Strive to eliminate any ongoing rights of the software vendor to monitor the licensee’s use of the licensed software.
Limit audits to once per year and only during the term of the license agreement.
Limit the audit to the running of a mutually-agreed-upon software audit script.
Limit the audit to only the licensee’s records directly related to use of the software and/or to the systems on which the software is installed.
Ensure that the audit is conducted only during regular business hours to minimize disruption of the licensee’s business operations.
Require that any third parties that may conduct the audit on the licensor’s behalf execute a non-disclosure agreement with the licensee on the licensee’s form prior to conducting the audit.
Provide the licensee the opportunity to review and comment on the audit findings prior to such findings being distributed to the licensor, and on the time period for making a true-up payment to the software vendor following the audit.
Include a provision for equitable settlement of non-compliance, specifying that non-compliance does not constitute infringement of the licensor’s intellectual property rights and that the settlement payment is the exclusive remedy for the non-compliance.
Last, but not least, licensees should consider including in the software license agreement an obligation on the part of the software vendor to maintain records regarding the license fees and reserve the right to audit these records, especially if the software vendor is performing professional services under the license agreement in connection with the licensed software or if the agreement contains a most favored pricing clause.

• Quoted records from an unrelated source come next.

(* Let $n=2$ and assume $\lfloor (M_1+M_2)/p\rfloor=1$ (ample reduction). Let $I^{[1]}(z_1,z_2)\in\mathbb{F}_p[z_1,z_2]^2$ be the coefficient of $x^{p-1}$ in $(x-z_1)^{M_1}(x-z_2)^{M_2}\Big(\frac{e_1}{x-z_1}+\frac{e_2}{x-z_2}\Big)$. Then $$I^{[1]}(z_1,z_2)=(-1)^{M_2}(z_2-z_1)^{M_1+M_2-p}\frac{\Gamma_{\mathbb{F}_p}(M_1+1)\Gamma_{\mathbb{F}_p}(M_2+1)}{\Gamma_{\mathbb{F}_p}(M_1+M_2-p+1)}\Big(\frac{e_1}{M_1}-\frac{e_2}{M_2}\Big) =(-1)^{M_1}(z_1-z_2)^{M_1+M_2-p}\frac{\Gamma_{\mathbb{F}_p}(M_1+1)\Gamma_{\mathbb{F}_p}(M_2+1)}{\Gamma_{\mathbb{F}_p}(M_1+M_2-p+1)}\Big(\frac{e_2}{M_2}-\frac{e_1}{M_1}\Big).$$
   Context: Let $p,q$ be primes with $p>q$ and $p>2$. Fix positive integers $m_1,m_2<q$, and let $M_i$ be the least positive integer with $M_i\equiv -m_iq^{-1}\pmod p$ ($1\le M_i\le p-1$); in formulas over $\mathbb{F}_p$, $M_i$ denotes its residue. $e_1,e_2$ is the standard basis of $\mathbb{F}_p^2$. For an integer $1\le x\le p$, $\Gamma_{\mathbb{F}_p}(x)\in\mathbb{F}_p$ denotes the residue of $(-1)^{x-1}(x-1)!$. *)

theory Defs
  imports "HOL-Computational_Algebra.Polynomial" "HOL-Number_Theory.Cong"
begin

definition Mres :: "nat \<Rightarrow> nat \<Rightarrow> nat \<Rightarrow> nat" where
  "Mres p q m = (LEAST M. 0 < M \<and> [M * q + m = 0] (mod p))"

(* Gamma_{F_p}(x) = residue of (-1)^(x-1) (x-1)!, mapped into a ring of characteristic p *)
definition GammaFp :: "nat \<Rightarrow> 'a :: comm_ring_1" where
  "GammaFp x = of_int ((-1) ^ (x - 1) * fact (x - 1))"

(* I^[1](z1,z2): coefficient of x^(p-1) in
   (x-z1)^M1 (x-z2)^M2 (e1/(x-z1) + e2/(x-z2)), given componentwise as a pair
   (e1-component, e2-component) *)
definition I1 :: "nat \<Rightarrow> nat \<Rightarrow> nat \<Rightarrow> 'a :: comm_ring_1 \<Rightarrow> 'a \<Rightarrow> 'a \<times> 'a" where
  "I1 p M1 M2 z1 z2 =
     (coeff ([:-z1, 1:] ^ (M1 - 1) * [:-z2, 1:] ^ M2) (p - 1),
      coeff ([:-z1, 1:] ^ M1 * [:-z2, 1:] ^ (M2 - 1)) (p - 1))"

end

theory Submission
  imports Defs "HOL-Number_Theory.Residues"
begin

(* Write x - z2 = (x - z1) + (z1 - z2) and expand binomially. Since p divides
   j choose (p - 1) for p <= j <= 2p - 2, only the power (x - z1)^(p-1) contributes to the
   coefficient of x^(p-1), so that coefficient of (x - z1)^a (x - z2)^b is
   (b choose n) (z1 - z2)^n with n = a + b + 1 - p. Wilson's theorem in the form
   r! (p-1-r)! = (-1)^(r+1) turns this binomial coefficient into a quotient of values
   of Gamma_{F_p}. The two components of I^[1] are the cases (a, b) = (M1 - 1, M2) and
   (M1, M2 - 1), and Gamma_{F_p}(M+1) = -M Gamma_{F_p}(M) brings them to the common factor. *)

lemma Mres_bounds:
  assumes "0 < p" and "coprime q p" and "\<not> p dvd m"
  shows "0 < Mres p q m \<and> Mres p q m < p"
proof -
  let ?P = "\<lambda>M. 0 < M \<and> [M * q + m = 0] (mod p)"
  obtain x where x: "[q * x = 1] (mod p)"
    using cong_solve_coprime_nat[OF assms(2)] by auto
  define M where "M = x * (p - 1) * m"
  have "M * q + m = (q * x) * ((p - 1) * m) + m" by (simp add: M_def ac_simps)
  also have "[\<dots> = 1 * ((p - 1) * m) + m] (mod p)" by (intro cong_add cong_mult x cong_refl)
  also have "1 * ((p - 1) * m) + m = p * m" using assms(1) by (cases p) auto
  also have "[p * m = 0] (mod p)" by (simp add: cong_0_iff)
  finally have "[M * q + m = 0] (mod p)" .
  moreover have "[(M mod p) * q + m = M * q + m] (mod p)"
    by (intro cong_add cong_mult cong_refl) (simp add: cong_def)
  ultimately have W: "[(M mod p) * q + m = 0] (mod p)" using cong_trans by blast
  have "M mod p \<noteq> 0"
  proof
    assume "M mod p = 0"
    with W show False using assms(3) by (simp add: cong_0_iff)
  qed
  with W have "?P (M mod p)" by simp
  then have "?P (Mres p q m)" and "Mres p q m \<le> M mod p"
    unfolding Mres_def by (rule LeastI, rule Least_le)
  moreover have "M mod p < p" using assms(1) by simp
  ultimately show ?thesis by simp
qed

lemma of_nat_fact_pred_CHAR:
  assumes "prime p" and "CHAR('a :: comm_ring_1) = p"
  shows "(of_nat (fact (p - 1)) :: 'a) = -1"
proof -
  have "int CHAR('a) dvd int (fact (p - 1)) + 1"
    using wilson_theorem[OF assms(1)] assms(2) by (simp add: cong_iff_dvd_diff)
  then have "(of_int (int (fact (p - 1)) + 1) :: 'a) = 0"
    by (simp only: of_int_eq_0_iff_char_dvd)
  then have "(of_nat (fact (p - 1)) :: 'a) + 1 = 0"
    by (simp only: of_int_add of_int_of_nat_eq of_int_1)
  then show ?thesis by (simp add: eq_neg_iff_add_eq_0)
qed

lemma of_nat_fact_mult_fact_complement_CHAR:
  assumes "prime p" and "CHAR('a :: comm_ring_1) = p" and "r < p"
  shows "(of_nat (fact r) * of_nat (fact (p - 1 - r)) :: 'a) = (-1) ^ (r + 1)"
  using assms(3)
proof (induction r)
  case 0
  then show ?case using of_nat_fact_pred_CHAR[OF assms(1,2)] by simp
next
  case (Suc r)
  have "p - 1 - r = Suc (p - 1 - Suc r)" using Suc.prems by simp
  then have peel: "(of_nat (fact (p - 1 - r)) :: 'a)
      = of_nat (p - 1 - r) * of_nat (fact (p - 1 - Suc r))"
    by (simp only: fact_Suc of_nat_mult of_nat_id)
  have "(of_nat (p - 1 - r) + of_nat (Suc r) :: 'a) = of_nat p"
    using Suc.prems by (simp flip: of_nat_add)
  also have "(of_nat p :: 'a) = 0" by (simp flip: assms(2))
  finally have neg: "(of_nat (p - 1 - r) :: 'a) = - of_nat (Suc r)"
    by (rule eq_neg_iff_add_eq_0[THEN iffD2])
  have "(-1) ^ (r + 1) = (of_nat (fact r) * of_nat (fact (p - 1 - r)) :: 'a)"
    using Suc by simp
  also have "\<dots> = - (of_nat (fact (Suc r)) * of_nat (fact (p - 1 - Suc r)))"
    unfolding peel neg by (simp add: algebra_simps)
  finally show ?case by simp
qed

lemma prime_dvd_choose_pred:
  assumes "prime p" and "p \<le> j" and "j < 2 * p - 1"
  shows "p dvd (j choose (p - 1))"
proof -
  have "fact (p - 1) * fact (j - (p - 1)) * (j choose (p - 1)) = fact j"
    using assms(2) by (intro binomial_fact_lemma) simp
  moreover have "p dvd fact j" using assms prime_dvd_fact_iff by blast
  moreover have "\<not> p dvd fact (p - 1) * fact (j - (p - 1))"
    using assms prime_gt_0_nat[OF assms(1)] by (auto simp: prime_dvd_fact_iff prime_dvd_mult_iff)
  ultimately show ?thesis using assms(1) by (metis prime_dvd_mult_iff)
qed

lemma coeff_linear_power_pred_CHAR:
  assumes "prime p" and "CHAR('a :: comm_ring_1) = p" and "j < 2 * p - 1"
  shows "Polynomial.coeff ([:c :: 'a, 1:] ^ j) (p - 1) = (if j = p - 1 then 1 else 0)"
proof -
  consider "j < p - 1" | "j = p - 1" | "p \<le> j" by linarith
  then show ?thesis
  proof cases
    case 1
    then show ?thesis by (simp add: coeff_eq_0 degree_linear_power)
  next
    case 2
    then show ?thesis by (simp add: coeff_linear_power)
  next
    case 3
    then have "(of_nat (j choose (p - 1)) :: 'a) = 0"
      using prime_dvd_choose_pred[OF assms(1) _ assms(3)] assms(2)
      by (simp add: of_nat_eq_0_iff_char_dvd)
    with 3 show ?thesis using prime_gt_0_nat[OF assms(1)] by (simp add: coeff_linear_poly_power)
  qed
qed

lemma coeff_linear_power_product_CHAR:
  fixes z1 z2 :: "'a :: comm_ring_1"
  assumes "prime p" and "CHAR('a) = p" and "a < p" and "b < p" and "a + b + 1 = p + n"
  shows "Polynomial.coeff ([:-z1, 1:] ^ a * [:-z2, 1:] ^ b) (p - 1)
           = of_nat (b choose n) * (z1 - z2) ^ n"
proof -
  let ?L = "[:-z1, 1:]" and ?d = "z1 - z2"
  have summand: "?L ^ a * (of_nat (b choose k) * [:?d:] ^ k * ?L ^ (b - k))
      = Polynomial.smult (of_nat (b choose k) * ?d ^ k) (?L ^ (a + (b - k)))" for k
    by (simp add: of_nat_poly poly_const_pow power_add mult_ac)
  have "[:-z2, 1:] = [:?d:] + ?L" by simp
  then have "Polynomial.coeff (?L ^ a * [:-z2, 1:] ^ b) (p - 1)
      = (\<Sum>k\<le>b. of_nat (b choose k) * ?d ^ k * Polynomial.coeff (?L ^ (a + (b - k))) (p - 1))"
    by (simp only: binomial_ring sum_distrib_left coeff_sum summand coeff_smult)
  also have "\<dots> = (\<Sum>k\<le>b. if k = n then of_nat (b choose k) * ?d ^ k else 0)"
  proof (rule sum.cong[OF refl])
    fix k assume "k \<in> {..b}"
    then have "a + (b - k) < 2 * p - 1" and "a + (b - k) = p - 1 \<longleftrightarrow> k = n"
      using assms(3-5) by auto
    then have "Polynomial.coeff (?L ^ (a + (b - k))) (p - 1) = (if k = n then 1 else 0)"
      using coeff_linear_power_pred_CHAR[OF assms(1,2)] by presburger
    then show "of_nat (b choose k) * ?d ^ k * Polynomial.coeff (?L ^ (a + (b - k))) (p - 1)
        = (if k = n then of_nat (b choose k) * ?d ^ k else 0)"
      by simp
  qed
  also have "\<dots> = of_nat (b choose n) * ?d ^ n"
    using assms(3,5) by simp
  finally show ?thesis .
qed

lemma of_nat_fact_neq_0_CHAR:
  assumes "prime p" and "CHAR('a :: comm_ring_1) = p" and "n < p"
  shows "(of_nat (fact n) :: 'a) \<noteq> 0"
  using assms by (simp add: of_nat_eq_0_iff_char_dvd prime_dvd_fact_iff)

lemma of_nat_choose_CHAR:
  assumes "prime p" and "CHAR('a :: field) = p" and "a < p" and "b < p" and "a + b + 1 = p + n"
  shows "(of_nat (b choose n) :: 'a)
           = (-1) ^ (a + 1) * of_nat (fact a) * of_nat (fact b) / of_nat (fact n)"
proof -
  have "n \<le> b" and "b - n = p - 1 - a" using assms(3-5) by auto
  then have "of_nat (fact n) * of_nat (fact (p - 1 - a)) * of_nat (b choose n) = (of_nat (fact b) :: 'a)"
    by (metis binomial_fact_lemma of_nat_mult)
  then have "of_nat (fact a) * of_nat (fact (p - 1 - a)) * of_nat (fact n) * of_nat (b choose n)
      = (of_nat (fact a) * of_nat (fact b) :: 'a)"
    by (simp add: ac_simps)
  then have "(-1) ^ (a + 1) * (of_nat (fact n) * of_nat (b choose n))
      = (of_nat (fact a) * of_nat (fact b) :: 'a)"
    unfolding of_nat_fact_mult_fact_complement_CHAR[OF assms(1-3)] by (simp only: mult.assoc)
  then have "of_nat (fact n) * of_nat (b choose n)
      = ((-1) ^ (a + 1) * of_nat (fact a) * of_nat (fact b) :: 'a)"
    by (metis left_minus_one_mult_self mult.assoc)
  moreover have "(of_nat (fact n) :: 'a) \<noteq> 0"
    using of_nat_fact_neq_0_CHAR[OF assms(1,2)] assms(3-5) by simp
  ultimately show ?thesis
    by (metis nonzero_mult_div_cancel_left)
qed

lemma GammaFp_Suc: "GammaFp (Suc n) = ((-1) ^ n * of_nat (fact n) :: 'a :: comm_ring_1)"
proof -
  have "(fact n :: int) = int (fact n)" by (rule of_nat_fact[symmetric])
  then show ?thesis unfolding GammaFp_def diff_Suc_1
    by (simp only: of_int_mult of_int_power of_int_minus of_int_1 of_int_of_nat_eq)
qed

lemma GammaFp_Suc_eq_mult:
  assumes "0 < n"
  shows "GammaFp (Suc n) = - of_nat n * (GammaFp n :: 'a :: comm_ring_1)"
  using assms by (cases n) (simp_all add: GammaFp_Suc algebra_simps)

lemma of_nat_choose_GammaFp_CHAR:
  assumes "prime p" and "CHAR('a :: field) = p" and "a < p" and "b < p" and "a + b + 1 = p + n"
  shows "(of_nat (b choose n) :: 'a)
           = (-1) ^ (a + 1) * (GammaFp (a + 1) * GammaFp (b + 1) / GammaFp (n + 1))"
proof -
  have "(-1) ^ a * (-1) ^ b * (-1) = ((-1) ^ p * (-1) ^ n :: 'a)"
    using assms(5) by (metis power_add power_one_right)
  also have "(-1) ^ p = (-1 :: 'a)"
    using minus_power_prime_CHAR[of p, where 'a='a] assms(1,2) by (metis power_one)
  finally have sign: "(-1) ^ a * (-1) ^ b = ((-1) ^ n :: 'a)" by simp
  have "GammaFp (a + 1) * GammaFp (b + 1) / GammaFp (n + 1)
      = ((-1) ^ a * (-1) ^ b * (of_nat (fact a) * of_nat (fact b)))
        / ((-1) ^ n * of_nat (fact n) :: 'a)"
    by (simp add: GammaFp_Suc ac_simps)
  also have "\<dots> = of_nat (fact a) * of_nat (fact b) / of_nat (fact n)"
    unfolding sign by simp
  finally show ?thesis
    using of_nat_choose_CHAR[OF assms] by simp
qed

lemma I1_closed_form:
  fixes z1 z2 :: "'a :: field"
  assumes "prime p" and "CHAR('a) = p" and "0 < M1" and "M1 < p" and "0 < M2" and "M2 < p"
    and "M1 + M2 = p + N"
  defines "C \<equiv> GammaFp (M1 + 1) * GammaFp (M2 + 1) / (GammaFp (N + 1) :: 'a)"
  shows "I1 p M1 M2 z1 z2 =
           ((-1) ^ M1 * (z1 - z2) ^ N * C * (- (1 / of_nat M1)),
            (-1) ^ M1 * (z1 - z2) ^ N * C * (1 / of_nat M2))"
proof -
  have M1: "(of_nat M1 :: 'a) \<noteq> 0" and M2: "(of_nat M2 :: 'a) \<noteq> 0"
    using assms(2-6) by (auto simp: of_nat_eq_0_iff_char_dvd dest: dvd_imp_le)
  have "GammaFp (M1 + 1) = - of_nat M1 * (GammaFp M1 :: 'a)"
    and "GammaFp (M2 + 1) = - of_nat M2 * (GammaFp M2 :: 'a)"
    using GammaFp_Suc_eq_mult assms(3,5) by simp_all
  then have G1: "GammaFp M1 = - GammaFp (M1 + 1) / (of_nat M1 :: 'a)"
    and G2: "GammaFp M2 = - GammaFp (M2 + 1) / (of_nat M2 :: 'a)"
    using M1 M2 by (simp_all add: field_simps)
  have "Polynomial.coeff ([:-z1, 1:] ^ (M1 - 1) * [:-z2, 1:] ^ M2) (p - 1)
      = of_nat (M2 choose N) * (z1 - z2) ^ N"
    using assms(3-7) by (intro coeff_linear_power_product_CHAR[OF assms(1,2)]) auto
  also have "(of_nat (M2 choose N) :: 'a)
      = (-1) ^ M1 * (GammaFp M1 * GammaFp (M2 + 1) / GammaFp (N + 1))"
    using of_nat_choose_GammaFp_CHAR[OF assms(1,2), of "M1 - 1" M2 N] assms(3-7) by simp
  finally have first: "Polynomial.coeff ([:-z1, 1:] ^ (M1 - 1) * [:-z2, 1:] ^ M2) (p - 1)
      = (-1) ^ M1 * (z1 - z2) ^ N * C * (- (1 / of_nat M1))"
    unfolding G1 C_def by (simp add: field_simps)
  have "Polynomial.coeff ([:-z1, 1:] ^ M1 * [:-z2, 1:] ^ (M2 - 1)) (p - 1)
      = of_nat ((M2 - 1) choose N) * (z1 - z2) ^ N"
    using assms(3-7) by (intro coeff_linear_power_product_CHAR[OF assms(1,2)]) auto
  also have "(of_nat ((M2 - 1) choose N) :: 'a)
      = (-1) ^ (M1 + 1) * (GammaFp (M1 + 1) * GammaFp M2 / GammaFp (N + 1))"
    using of_nat_choose_GammaFp_CHAR[OF assms(1,2), of M1 "M2 - 1" N] assms(3-7) by simp
  finally have second: "Polynomial.coeff ([:-z1, 1:] ^ M1 * [:-z2, 1:] ^ (M2 - 1)) (p - 1)
      = (-1) ^ M1 * (z1 - z2) ^ N * C * (1 / of_nat M2)"
    unfolding G2 C_def by (simp add: field_simps)
  show ?thesis
    unfolding I1_def first second ..
qed

lemma minus_one_power_mult_diff_power_swap:
  fixes x y :: "'a :: comm_ring_1"
  assumes "odd p" and "M1 + M2 = p + N"
  shows "(-1) ^ M2 * (y - x) ^ N = - ((-1) ^ M1 * (x - y) ^ N)"
proof -
  from assms have "even (M2 + N) \<longleftrightarrow> odd M1" by presburger
  then have "(-1) ^ M2 * (-1) ^ N = - ((-1) ^ M1 :: 'a)"
    by (auto simp: minus_one_power_iff simp flip: power_add)
  moreover have "(y - x) ^ N = (-1) ^ N * (x - y) ^ N"
    by (metis minus_diff_eq power_minus)
  ultimately show ?thesis
    by (metis mult.assoc mult_minus_left)
qed

theorem theorem4p4:
  fixes p q m1 m2 :: nat and z1 z2 :: "'a :: field"
  assumes "prime p" and "prime q" and "p > q" and "p > 2"
    and "0 < m1" and "m1 < q" and "0 < m2" and "m2 < q"
    and "CHAR('a) = p"
    and "(Mres p q m1 + Mres p q m2) div p = 1"
  shows "let M1 = Mres p q m1; M2 = Mres p q m2;
             C = GammaFp (M1 + 1) * GammaFp (M2 + 1) / (GammaFp (M1 + M2 - p + 1) :: 'a)
         in I1 p M1 M2 z1 z2 =
              ((-1) ^ M2 * (z2 - z1) ^ (M1 + M2 - p) * C * (1 / of_nat M1),
               (-1) ^ M2 * (z2 - z1) ^ (M1 + M2 - p) * C * (- (1 / of_nat M2)))
          \<and> I1 p M1 M2 z1 z2 =
              ((-1) ^ M1 * (z1 - z2) ^ (M1 + M2 - p) * C * (- (1 / of_nat M1)),
               (-1) ^ M1 * (z1 - z2) ^ (M1 + M2 - p) * C * (1 / of_nat M2))"
proof -
  define M1 M2 N where "M1 = Mres p q m1" and "M2 = Mres p q m2" and "N = M1 + M2 - p"
  have "coprime q p"
    using assms(1-3) by (simp add: prime_imp_coprime_nat coprime_commute nat_dvd_not_less prime_gt_0_nat)
  moreover have "\<not> p dvd m1" and "\<not> p dvd m2"
    using assms(3,5-8) by (auto dest: dvd_imp_le)
  ultimately have bounds: "0 < M1" "M1 < p" "0 < M2" "M2 < p"
    unfolding M1_def M2_def using Mres_bounds[of p q] assms(1) prime_gt_0_nat by blast+
  have ample: "M1 + M2 = p + N"
    using assms(10) unfolding M1_def M2_def N_def by (cases "p \<le> Mres p q m1 + Mres p q m2") auto
  have "odd p" using assms(1,4) by (simp add: prime_odd_nat)
  then show ?thesis
    using I1_closed_form[OF assms(1,9) bounds ample, of z1 z2]
      minus_one_power_mult_diff_power_swap[OF _ ample, where x = z1 and y = z2]
    unfolding Let_def M1_def[symmetric] M2_def[symmetric] N_def[symmetric] by simp
qed

end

3 See “Survey Analysis: Survey Shows Another Increase in Software Vendors Audits; IT Asset Managers Should Prepare Now,” March 2, 2011, available at www.Gartner.com ID: G00210916. Sixty-one percent of the survey participants indicated that their enterprises were audited by at least one software vendor in 2010, up from 54% in 2009.
4 See “2012 Key Trends in Software Pricing and Licensing Survey,” 2012, available at http://www.softwaremag.com/DSN/wwwswmagcom/Content/ClientAssets/Flexera_WhitePaper2.pdf, page 38. Forty-five percent of respondents were located in the U.S., 33% were located in Europe, and 7% were located in Australia. In terms of annual revenue, 14% of surveyed enterprises had less than $100 million in revenue, 17% had between $101 million and $999 million in revenue, 23% had between $1 billion and $3 billion in revenue, 31% had $3 billion or more in revenue, and 16% did not disclose their annual revenue.
6 See “2012 Key Trends in Software Pricing and Licensing Survey,” page 6. Enterprises with more than $1 billion in revenue were most likely to be audited three or more times in the 18 to 24 month period surveyed.
7 See “2012 Key Trends in Software Pricing and Licensing Survey,” page 39. Fifteen percent of the surveyed enterprises made true-up payments between $1 million and $5 million, 5% made true-up payments between $5 million and $10 million, and 4% made true-up payments of more than $10 million.
8 See “2012 Key Trends in Software Pricing and Licensing Survey,” page 39. 9% of the surveyed enterprises did not perform self-audits, 42% performed self-audits once a year, 20% performed self-audits twice a year, 3% performed self-audits three times per year, and 25% performed self-audits more than three times per year.